Machines execute movements, during the course of which oscillation signals, in particular acoustic oscillation signals, are generated. The oscillation signals generated by a machine, a system or an electromechanical device allow conclusions to be drawn about its respective current state, which can change for example due to wear phenomena. For example a machine or device generates different oscillation signals after several years of use due to wear phenomena from those it generates immediately after production. As well as machines chemical systems can also produce noise signals, for example due to gas bubbles in containers or pipes. The ageing or wear of systems, machines and devices causes changes to the oscillation signals generated, in particular the acoustic emissions. The oscillation signals generated by a machine, system or device, in particular the acoustic noise signals, are not only a function of wear but also of the type of structure. Machines, systems and devices frequently feature different product types or models within a product group. For example a company can manufacture different variants of water or heating pumps, the generated noise signals of which differ. Also the objects manufactured within the product groups or product variants also have manufacturing tolerances, so that different products or objects can emit different noise signals due to manufacturing tolerances. In addition to ageing and loading influences as well as manufacturing tolerances the spatial properties of the environment in which the device or system is located also influence the noise signals or acoustic emissions emitted by the device or system.

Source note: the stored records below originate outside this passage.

lemma AML2_optimal_ext_exists:
  assumes "n \<ge> 1" and len: "\<forall>u<n. length (mu u) = k"
  shows "\<exists>V E lam f. AML2_optimal n k mu V E lam \<and> (\<forall>v\<in>V. lam v = ext n k mu f v)"
proof -
  have "maximizes_edge_likelihood k {0..1} (\<lambda>d. real d / real k)"
    by (auto simp: maximizes_edge_likelihood_def edge_likelihood_le_frequency divide_le_eq_1)
  from tuned_likelihood_max_at_ext[OF assms this] edge_likelihood_frequency_pos
  obtain V E f where feas: "AML2_feasible n k mu V E (ext n k mu f)"
    and max: "\<And>V' E' lam'. AML2_feasible n k mu V' E' lam' \<Longrightarrow>
      tuned_likelihood k (\<lambda>d. real d / real k) E' lam'
      \<le> tuned_likelihood k (\<lambda>d. real d / real k) E (ext n k mu f)"
    by blast
  have "cost2 k E (ext n k mu f) \<le> cost2 k E' lam'" if feas': "AML2_feasible n k mu V' E' lam'"
    for V' E' lam'
  proof (cases "k = 0")
    case True
    \<comment> \<open>then every edge contributes H (d/0) = H 0 = 0\<close>
    then show ?thesis by (simp add: cost2_def H_def)
  next
    case False
    have "0 < tuned_likelihood k (\<lambda>d. real d / real k) E' lam'"
      unfolding tuned_likelihood_def using edge_likelihood_frequency_pos edge_dist_le
      by (intro prod_pos) auto
    moreover have "finite E" "finite E'"
      using feas feas' by (auto simp: AML2_feasible_def tree_n_finite_edges)
    ultimately have "real k * cost2 k E (ext n k mu f) \<le> real k * cost2 k E' lam'"
      using max[OF feas'] by (simp add: cost2_eq_log_tuned_likelihood)
    with False show ?thesis by simp
  qed
  with feas show ?thesis by (auto simp: AML2_optimal_def)
qed

definition ml_rate :: "nat \<Rightarrow> nat \<Rightarrow> real" where
  "ml_rate k d = (SOME p. p \<in> {0..1/2} \<and>
     (\<forall>p'\<in>{0..1/2}. edge_likelihood k d p' \<le> edge_likelihood k d p))"

lemma maximizes_ml_rate: "maximizes_edge_likelihood k {0..1/2} (ml_rate k)"
proof -
  have "\<exists>p. p \<in> {0..1/2} \<and> (\<forall>p'\<in>{0..1/2}. edge_likelihood k d p' \<le> edge_likelihood k d p)" for d
  proof -
    have "isCont (edge_likelihood k d) x" for x
      unfolding edge_likelihood_def[abs_def] by (intro continuous_intros)
    then obtain M where "\<forall>x. 0 \<le> x \<and> x \<le> 1/2 \<longrightarrow> edge_likelihood k d x \<le> M"
      "\<exists>x\<ge>0. x \<le> 1/2 \<and> edge_likelihood k d x = M"
      using isCont_eq_Ub[of 0 "1/2" "edge_likelihood k d"] by auto
    then show ?thesis by auto
  qed
  then show ?thesis
    unfolding maximizes_edge_likelihood_def ml_rate_def by (auto intro: someI2_ex)
qed

lemma edge_likelihood_ml_rate_pos:
  assumes "d \<le> k"
  shows "0 < edge_likelihood k d (ml_rate k d)"
proof -
  have "edge_likelihood k d (1/2) \<le> edge_likelihood k d (ml_rate k d)"
    using maximizes_ml_rate[of k] assms by (simp add: maximizes_edge_likelihood_def)
  moreover have "0 < edge_likelihood k d (1/2)" by (simp add: edge_likelihood_def)
  ultimately show ?thesis by linarith
qed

With known methods for recognizing a state of a noise-generating machine to be investigated a plurality of recordings are made at a manufactured prototype, in order to generate a model of the respective noise-generating machine or system. A plurality of recordings, in particular sound recordings, which take into account different influencing variables, are made in a training process. For example acoustic noise signals emitted by a prototype are recorded in different weather conditions and with different loadings at different times. To take different influencing variables into account, a plurality of recordings must be made. Model generation based on the prototype becomes more complex, the more different variants of the product there are. The training data is used to generate a statistical model or a physical model of the object or product, which can then be used to classify a noise signal, which is emitted by a manufactured product during ongoing operation after commissioning. An operating state of a product can be monitored based on the classification of the noise signal, so that any error states occurring and thus the need for maintenance work can be recognized.
One disadvantage of a known procedure is that the noise signals or acoustic emissions emitted by a manufactured product can differ or deviate from the noise signals of the prototype even in a normal or error-free state. One reason for this may be that the manufactured product, which can be a machine, device or system for example, is in a different environment from that of the prototype when the training data was recorded. The useful signal, in other words the acoustic emissions of the object to be investigated, is therefore overlaid with ambient noise in the manner of an interference signal. For example the training data can be recorded at a prototype in a space with little reverberation, while the object to be investigated, perhaps a manufacturing machine, is located in a factory, where acoustic signals are reflected to a significant degree. The product or system to be investigated can also have a different acoustic emission spectrum from the prototype due to manufacturing tolerances or a different configuration.